Here in Edinburgh North & Leith, nobody I know has heard a thing from the SNP who are defending the seat. I hear reports that they are concentrating on the part of Leith that has been gentrified and where the students live, but I have not spoken to anyone who has actually seen SNP canvassing teams out. As for the Tories, they have a candidate, but damned if I know anything about her.

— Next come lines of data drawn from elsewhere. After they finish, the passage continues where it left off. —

(* Let $\Bbbk$ be a field, let $\mathrm{Var}$ be a variety of $\Bbbk$-algebras with one binary product defined by a set of polylinear identities. Let $X$ be a set, $\dot X=\{\dot x\mid x\in X\}$ a disjoint copy of $X$, $F=\mathrm{Var}\langle X\cup\dot X\rangle$ the free $\mathrm{Var}$-algebra on $X\cup\dot X$, and $\varphi:F\to F$ the algebra homomorphism with $\varphi(x)=\varphi(\dot x)=x$ for $x\in X$. Equip $F$ with the operations $f\vdash g=\varphi(f)g$, $f\dashv g=f\varphi(g)$, $f\perp g=fg$, obtaining the system $F^{(3)}$. Then the subalgebra $V$ of $F^{(3)}$ generated by $\dot X$ (i.e. the smallest subspace containing $\dot X$ and closed under $\vdash,\dashv,\perp$) coincides with the subspace $W$ of $F$ spanned by all monomials $u$ with $\deg_{\dot X}u>0$.
   Context: Monomials of $F$ are the images of nonassociative words (bracketed products) in the alphabet $X\cup\dot X$; since the defining identities of $\mathrm{Var}$ are polylinear, $F$ is graded by degree in each letter, and $\deg_{\dot X}u$ denotes the total number of occurrences of letters from $\dot X$ in the monomial $u$. *)

theory Defs
  imports Main
begin

datatype 'a mag = Gen 'a | Mul "'a mag" "'a mag"

fun letters :: "'a mag \<Rightarrow> 'a set" where
  "letters (Gen a) = {a}"
| "letters (Mul u v) = letters u \<union> letters v"

fun cnt :: "'a \<Rightarrow> 'a mag \<Rightarrow> nat" where
  "cnt b (Gen a) = (if a = b then 1 else 0)"
| "cnt b (Mul u v) = cnt b u + cnt b v"

text \<open>Alphabet X \<union> X-dot: Inl x stands for x, Inr x for x-dot.
  degdot w is the number of dotted letters in w.\<close>
fun degdot :: "('x + 'x) mag \<Rightarrow> nat" where
  "degdot (Gen (Inl x)) = 0"
| "degdot (Gen (Inr x)) = 1"
| "degdot (Mul u v) = degdot u + degdot v"

definition alph :: "'x set \<Rightarrow> ('x + 'x) set" where
  "alph X = Inl ` X \<union> Inr ` X"

text \<open>Elements of the free nonassociative algebra: finitely supported
  coefficient functions on words.\<close>
definition supp :: "('a mag \<Rightarrow> 'k::zero) \<Rightarrow> 'a mag set" where
  "supp p = {w. p w \<noteq> 0}"

definition FA :: "'a set \<Rightarrow> ('a mag \<Rightarrow> 'k::zero) set" where
  "FA Al = {p. finite (supp p) \<and> (\<forall>w\<in>supp p. letters w \<subseteq> Al)}"

definition fzero :: "'a mag \<Rightarrow> 'k::zero" where "fzero = (\<lambda>_. 0)"
definition fadd :: "('a mag \<Rightarrow> 'k::plus) \<Rightarrow> ('a mag \<Rightarrow> 'k) \<Rightarrow> 'a mag \<Rightarrow> 'k" where
  "fadd p q = (\<lambda>w. p w + q w)"
definition fsub :: "('a mag \<Rightarrow> 'k::minus) \<Rightarrow> ('a mag \<Rightarrow> 'k) \<Rightarrow> 'a mag \<Rightarrow> 'k" where
  "fsub p q = (\<lambda>w. p w - q w)"
definition fsmul :: "'k::times \<Rightarrow> ('a mag \<Rightarrow> 'k) \<Rightarrow> 'a mag \<Rightarrow> 'k" where
  "fsmul c p = (\<lambda>w. c * p w)"
definition mon :: "'a mag \<Rightarrow> 'a mag \<Rightarrow> 'k::{zero,one}" where
  "mon w = (\<lambda>u. if u = w then 1 else 0)"

definition fmul :: "('a mag \<Rightarrow> 'k::{zero,times}) \<Rightarrow> ('a mag \<Rightarrow> 'k) \<Rightarrow> 'a mag \<Rightarrow> 'k" where
  "fmul p q = (\<lambda>w. case w of Gen _ \<Rightarrow> 0 | Mul u v \<Rightarrow> p u * q v)"

fun evalw :: "('v \<Rightarrow> 'a mag \<Rightarrow> 'k::comm_ring_1) \<Rightarrow> 'v mag \<Rightarrow> 'a mag \<Rightarrow> 'k" where
  "evalw \<sigma> (Gen v) = \<sigma> v"
| "evalw \<sigma> (Mul u w) = fmul (evalw \<sigma> u) (evalw \<sigma> w)"

definition eval :: "('v \<Rightarrow> 'a mag \<Rightarrow> 'k::comm_ring_1) \<Rightarrow> ('v mag \<Rightarrow> 'k) \<Rightarrow> 'a mag \<Rightarrow> 'k" where
  "eval \<sigma> p = (\<lambda>w. \<Sum>u\<in>supp p. p u * evalw \<sigma> u w)"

My ballot paper also has six Mickey Mouse candidates as well. Some Greenie woman, a fellow from the Scottish Family Party which opposes abortion, a Communist and a Socialist Labour wallah, both of whom work at that hotbed of militant proletarianism otherwise known as the Unversity of Edinburgh and a Reform UK man who I was going to vote for until I realised that his email was out of order and that he had no plans to fix it and he didn't have a mobile telephone. I don't know why that is, he may think that are a tool of the Devil for all I know, but all told it makes him look a very unserious candidate to me. The final minnow is an independent who is supposedly standing for Edinburgh People, a party so new that it is not registered with the electoral commission, so its candidates have to call themselves independents.
With the honourable exception of Labour and the Lib-Dems, none of this shower has even sent out a leaflet so far, and if they do send one they are wasting their time with the postal voters as we have almost all voted by now. So what is going on?
My theory is that as party politics become more and more of a game for a coterie of middle class people, they have decided to compete with each other in the shallow pool of voters who are committed enough to carry on voting. Of course, this means that turnout will continue to decline, but so long as the parties can get enough people elected, they are not going to bother about that.
They seem to think that if we cannot be bothered to search them out, they cannot be bothered knocking on our doors to ask for our votes. So they won't get our votes as we will concentrate on the football instead.
That attitude is very bad for democracy and the health of the party system, but I don't think they care so long as enough of their candidates are elected.